In particular, the muon emits and reabsorbs virtual W bosons of electric charge equal to its own. By doing that, it momentarily turns into a muon neutrino: electric charge and weak hypercharge get subtracted from it, to be given back as soon as the virtual W comes back from the free trip.

Maybe I should explain what I mean by "virtual" at this junction. A virtual particle is not a ghost, or a mathematical trick! A virtual particle, in truth, is as real as a real one; the only difference is that its presence may be ignored when one describes a particle reaction in the simplest approximation.

Now consider that W boson: however virtual, it is also authorized to temporarily split into fermion-antifermion pairs before it is claimed back by the emitting muonic line. It may thus turn into an electron- electron neutrino pair, for instance; but also other fermion pairs are possible. Then, before you know it, the pair fuses back into the W, and the W fuses back with the muon neutrino to yield the original muon. This is shown graphically on the right.

But with electron-neutrino pairs one different thing may happen: the duo may decide to leave the scene of the virtual fluctuation for good, never fusing back into the W. They do so without violating indefinitely the energy-momentum conservation law, because the total mass of the muon neutrino, the electron, and the electron neutrino is smaller than the original muon mass. So the muon gets fooled: the quantum numbers it lent to the W boson are lost forever. It is effectively turned into a muon neutrino for good.
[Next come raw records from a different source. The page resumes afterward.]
(* Let $h\in A$ be of the form $h=\sum_{i=1}^n\frac{h_i}{de}\omega_i$ with $h_i,d\in K[x]$ such that $\gcd(d,e)=\gcd(h_1,\ldots,h_n,d)=1$ and $d$ squarefree. Let $U$ be an integral basis of $A$ and let $T\in K[x]^{n\times n}$ be such that $W=TU$. If $h$ is integrable in $A$, i.e., there exist $u\in K[x]$ and $q=(q_1,\ldots,q_n)\in K[x]^n$ such that \[h=\Big(\sum_{i=1}^n\frac{q_i}{u}\omega_i\Big)^\prime\] and $\gcd(q_1,\ldots,q_n,u)=1$, then $u$ divides $\det(T)$. Hence $u^2$ divides $\operatorname{Disc}(W)/\operatorname{Disc}(U)$.
   Context: Let $K$ be a field of characteristic zero, $m\in K[x,y]$ irreducible over $K(x)$ with $n=\deg_y(m)$, and $A=K(x)[y]/\langle m\rangle$, with the derivation $'$ with respect to $x$. An element $f\in A$ is (globally) integral if all its Puiseux series expansions at every finite point $a\in\bar K$ have nonnegative valuation; an integral basis of $A$ is a basis of the $K[x]$-module of integral elements of $A$. An element $f\in A$ is integrable in $A$ if $f=g'$ for some $g\in A$. Let $W=(\omega_1,\ldots,\omega_n)$ be a suitable basis of $A$: a $K(x)$-vector space basis of $A$ consisting of integral elements such that, for $e\in K[x]$ and $M=(m_{i,j})\in K[x]^{n\times n}$ with $eW'=MW$ and $\gcd(e,m_{1,1},m_{1,2},\ldots,m_{n,n})=1$, the polynomial $e$ is squarefree. (The form of $h$ in the claim is that of the remainder produced by lazy Hermite reduction with respect to $W$.) The discriminant of a tuple $W=(\omega_1,\ldots,\omega_n)$ is $\operatorname{Disc}(W)=\det(\operatorname{Tr}(\omega_i\omega_j))$, where $\operatorname{Tr}$ is the trace map from $A$ to $K(x)$; for tuples of integral elements it is a polynomial in $K[x]$. *)

theory Defs
  imports "HOL-Computational_Algebra.Polynomial_Factorial"
          "HOL-Computational_Algebra.Normalized_Fraction"
          "HOL-Computational_Algebra.Formal_Laurent_Series"
          "HOL-Computational_Algebra.Squarefree"
          "HOL-Algebra.Algebraic_Closure_Type"
          "Jordan_Normal_Form.Determinant"
begin

text \<open>
  K is a type 'a of class field_char_0.  K[x] is 'a poly, K(x) is
  'a poly fract.  The defining polynomial m in K[x][y] is an element of
  'a poly poly (outer variable y).  The algebra A = K(x)[y]/(m) is represented by
  the reduced representatives, i.e. polynomials in y over K(x) of degree < deg_y m;
  products and derivatives are reduced modulo m.  Tuples (omega_1,...,omega_n) are
  functions nat => A, used on indices 0..n-1.
\<close>

type_synonym 'a rfun = "'a poly fract"
type_synonym 'a alg = "'a poly fract poly"

definition modulus :: "'a::{field_char_0,field_gcd} poly poly \<Rightarrow> 'a alg" where
  "modulus m = map_poly to_fract m"

definition amul :: "'a::{field_char_0,field_gcd} poly poly \<Rightarrow> 'a alg \<Rightarrow> 'a alg \<Rightarrow> 'a alg" where
  "amul m f g = (f * g) mod modulus m"

definition rf_deriv :: "'a::{field_char_0,field_gcd} rfun \<Rightarrow> 'a rfun" where
  "rf_deriv z = (let (p, q) = quot_of_fract z in
      to_fract (pderiv p * q - p * pderiv q) / to_fract (q ^ 2))"

text \<open>The derivative y' of the generator y in A, determined by m(x,y) = 0.\<close>
definition y_deriv :: "'a::{field_char_0,field_gcd} poly poly \<Rightarrow> 'a alg" where
  "y_deriv m = (SOME Y. degree Y < degree m \<and>
      (map_poly rf_deriv (modulus m) + pderiv (modulus m) * Y) mod modulus m = 0)"

definition A_deriv :: "'a::{field_char_0,field_gcd} poly poly \<Rightarrow> 'a alg \<Rightarrow> 'a alg" where
  "A_deriv m f = (map_poly rf_deriv f + pderiv f * y_deriv m) mod modulus m"

definition lincomb :: "'a::{field_char_0,field_gcd} poly poly \<Rightarrow> (nat \<Rightarrow> 'a rfun) \<Rightarrow> (nat \<Rightarrow> 'a alg) \<Rightarrow> 'a alg" where
  "lincomb m c w = (\<Sum>i<degree m. smult (c i) (w i))"

text \<open>Trace of the K(x)-linear map g |-> f g on A (computed in the power basis 1,y,...,y^(n-1)).\<close>
definition A_trace :: "'a::{field_char_0,field_gcd} poly poly \<Rightarrow> 'a alg \<Rightarrow> 'a rfun" where
  "A_trace m f = (\<Sum>k<degree m. coeff ((f * monom 1 k) mod modulus m) k)"

definition Disc :: "'a::{field_char_0,field_gcd} poly poly \<Rightarrow> (nat \<Rightarrow> 'a alg) \<Rightarrow> 'a rfun" where
  "Disc m w = det (mat (degree m) (degree m) (\<lambda>(i, j). A_trace m (amul m (w i) (w j))))"

text \<open>Puiseux expansions at a finite point a of the algebraic closure of K:
  with ramification index r >= 1 and t^r = x - a, a Puiseux series in x - a is a
  formal Laurent series in t.\<close>
definition poly_at :: "'a::{field_char_0,field_gcd} alg_closure \<Rightarrow> nat \<Rightarrow> 'a poly \<Rightarrow> 'a alg_closure fls" where
  "poly_at a r p = poly (map_poly (\<lambda>c. fls_const (to_ac c)) p) (fls_const a + fls_X ^ r)"

definition rf_at :: "'a::{field_char_0,field_gcd} alg_closure \<Rightarrow> nat \<Rightarrow> 'a rfun \<Rightarrow> 'a alg_closure fls" where
  "rf_at a r z = poly_at a r (fst (quot_of_fract z)) / poly_at a r (snd (quot_of_fract z))"

text \<open>f is (globally) integral: at every finite point a, every Puiseux series
  expansion of f (obtained by substituting a Puiseux series root Y of m) has
  nonnegative valuation.\<close>
definition integral :: "'a::{field_char_0,field_gcd} poly poly \<Rightarrow> 'a alg \<Rightarrow> bool" where
  "integral m f \<longleftrightarrow>
     (\<forall>a r Y. r \<ge> 1 \<longrightarrow> poly (map_poly (poly_at a r) m) Y = 0 \<longrightarrow>
        fls_subdegree (poly (map_poly (rf_at a r) f) Y) \<ge> 0)"

definition is_basis :: "'a::{field_char_0,field_gcd} poly poly \<Rightarrow> (nat \<Rightarrow> 'a alg) \<Rightarrow> bool" where
  "is_basis m w \<longleftrightarrow>
     (\<forall>i<degree m. degree (w i) < degree m) \<and>
     (\<forall>c. lincomb m c w = 0 \<longrightarrow> (\<forall>i<degree m. c i = 0)) \<and>
     (\<forall>f. degree f < degree m \<longrightarrow> (\<exists>c. f = lincomb m c w))"

definition integral_basis :: "'a::{field_char_0,field_gcd} poly poly \<Rightarrow> (nat \<Rightarrow> 'a alg) \<Rightarrow> bool" where
  "integral_basis m u \<longleftrightarrow>
     (\<forall>i<degree m. degree (u i) < degree m \<and> integral m (u i)) \<and>
     (\<forall>c. lincomb m (\<lambda>i. to_fract (c i)) u = 0 \<longrightarrow> (\<forall>i<degree m. c i = 0)) \<and>
     (\<forall>f. degree f < degree m \<longrightarrow> integral m f \<longrightarrow>
          (\<exists>c. f = lincomb m (\<lambda>i. to_fract (c i)) u))"

definition deriv_rel :: "'a::{field_char_0,field_gcd} poly poly \<Rightarrow> (nat \<Rightarrow> 'a alg) \<Rightarrow> 'a poly \<Rightarrow> (nat \<Rightarrow> nat \<Rightarrow> 'a poly) \<Rightarrow> bool" where
  "deriv_rel m w e M \<longleftrightarrow>
     (\<forall>i<degree m. smult (to_fract e) (A_deriv m (w i)) = lincomb m (\<lambda>j. to_fract (M i j)) w)"

definition suitable_basis :: "'a::{field_char_0,field_gcd} poly poly \<Rightarrow> (nat \<Rightarrow> 'a alg) \<Rightarrow> bool" where
  "suitable_basis m w \<longleftrightarrow>
     is_basis m w \<and> (\<forall>i<degree m. integral m (w i)) \<and>
     (\<forall>e M. deriv_rel m w e M \<longrightarrow>
        Gcd ({e} \<union> {M i j |i j. i < degree m \<and> j < degree m}) = 1 \<longrightarrow> squarefree e)"

end

theory Submission
  imports Defs
    "Berlekamp_Zassenhaus.Poly_Mod"
begin

text \<open>
  Write \<open>h = g'\<close> with \<open>g = \<Sum> (q\<^sub>i / u) \<omega>\<^sub>i\<close>. First, \<open>g\<close> is integral: at a Puiseux point
  with ramification index \<open>r\<close> put \<open>x = a + t\<^sup>r\<close>. Since \<open>d e\<close> is squarefree and the \<open>\<omega>\<^sub>i\<close> are
  integral, the expansion of \<open>h\<close> has \<open>t\<close>-valuation at least \<open>-r\<close>; a pole of order \<open>k \<ge> 1\<close> of \<open>g\<close>
  would give \<open>g' = (dg/dt) / (r t\<^sup>r\<^sup>-\<^sup>1)\<close> a pole of order \<open>k + r\<close>. Hence \<open>g = \<Sum> c\<^sub>j U\<^sub>j\<close> with
  \<open>c\<^sub>j \<in> K[x]\<close>, and comparing coefficients in \<open>W = T U\<close> gives \<open>u c = q T\<close>. As \<open>gcd(u, q) = 1\<close>,
  the adjugate of \<open>T\<close> shows \<open>u dvd det T\<close>. Finally \<open>Disc W = (det T)\<^sup>2 Disc U\<close>.
\<close>

instance alg_closure :: (field) field_gcd ..

lemma of_nat_eq_to_fract: "(of_nat n :: 'a::idom fract) = to_fract (of_nat n)"
  by (induction n) simp_all

instance fract :: ("{idom,ring_char_0}") field_char_0
  by standard (auto intro!: injI simp: of_nat_eq_to_fract)

lemma comm_ring_hom_poly_map_poly:
  assumes "comm_ring_hom f"
  shows "comm_ring_hom (\<lambda>p. poly (map_poly f p) y)"
proof -
  interpret map_poly_comm_ring_hom f by (rule map_poly_comm_ring_hom.intro) fact
  show ?thesis
    by unfold_locales (simp_all add: hom_add hom_mult)
qed

lemma comm_ring_hom_fls_const_to_ac:
  "comm_ring_hom (\<lambda>c. fls_const (to_ac c) :: 'a::field alg_closure fls)"
proof
  fix x y :: 'a
  show "fls_const (to_ac (x + y)) = fls_const (to_ac x) + (fls_const (to_ac y) :: 'a alg_closure fls)"
    by (simp add: fls_plus_const)
qed simp_all

lemma fls_deriv_poly:
  fixes P :: "'a::idom fls poly"
  shows "fls_deriv (poly P Y) = poly (map_poly fls_deriv P) Y + poly (pderiv P) Y * fls_deriv Y"
  by (induction P) (simp_all add: map_poly_pCons pderiv_pCons algebra_simps)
Muons, as any other subatomic body, constantly emit and reabsorb virtual particles of all the kinds they couple to. The probability that a virtual W plays the disappearance trick to the muon which popped it out of the vacuum is constant every time it gets created: this creates an exponential decay law, no less than the one which applies to the stack of tokens that a unwitty player continues to bet on "red" at the roulette as he wins.

What governs the speed of the disappearance, i.e. the muon lifetime, is a direct consequence of the likelihood of the transition discussed above, which in turn depends on the available energy of the reaction (muon mass minus mass of the final state bodies), as well as the strength of the coupling: the latter is a direct measure of the likelihood of virtual W emission.

Taking Stock

All in all, there is nothing particularly surprising in the description I have provided above: particle reactions readily occur if they do not violate any quantum-mechanical rule. Muons may only decay to electrons -the only particles lighter than muons which carry the same electric charge- and they do so by means of the exchange of a W boson, the carrier of the electroweak charged-current interaction.

Once you understand how muons decay, it becomes absolutely trivial for you to figure out that a b-quark may decay to a charm quark, an electron, and a neutrino: the diagram and the qualitative explanation are the same. But the large mass of the b-quark (4 GeV, 1.2 of which get converted into the mass of the charm quark) also allows different leptons to be produced: a muon-neutrino pair, for instance. A tau-neutrino pair is also possible, but its rate is sizably smaller, since the tau lepton weighs 1.77 GeV, which means it takes away a rather large share of the available energy.

In conclusion, the decay of elementary particles may be understood without the complicated calculations of quantum field theory. A qualitative picture may explain most of the observable features of the process. However, it is quantitative calculations what actually tell us, once compared with experimental measurements, that our qualitative picture is correct!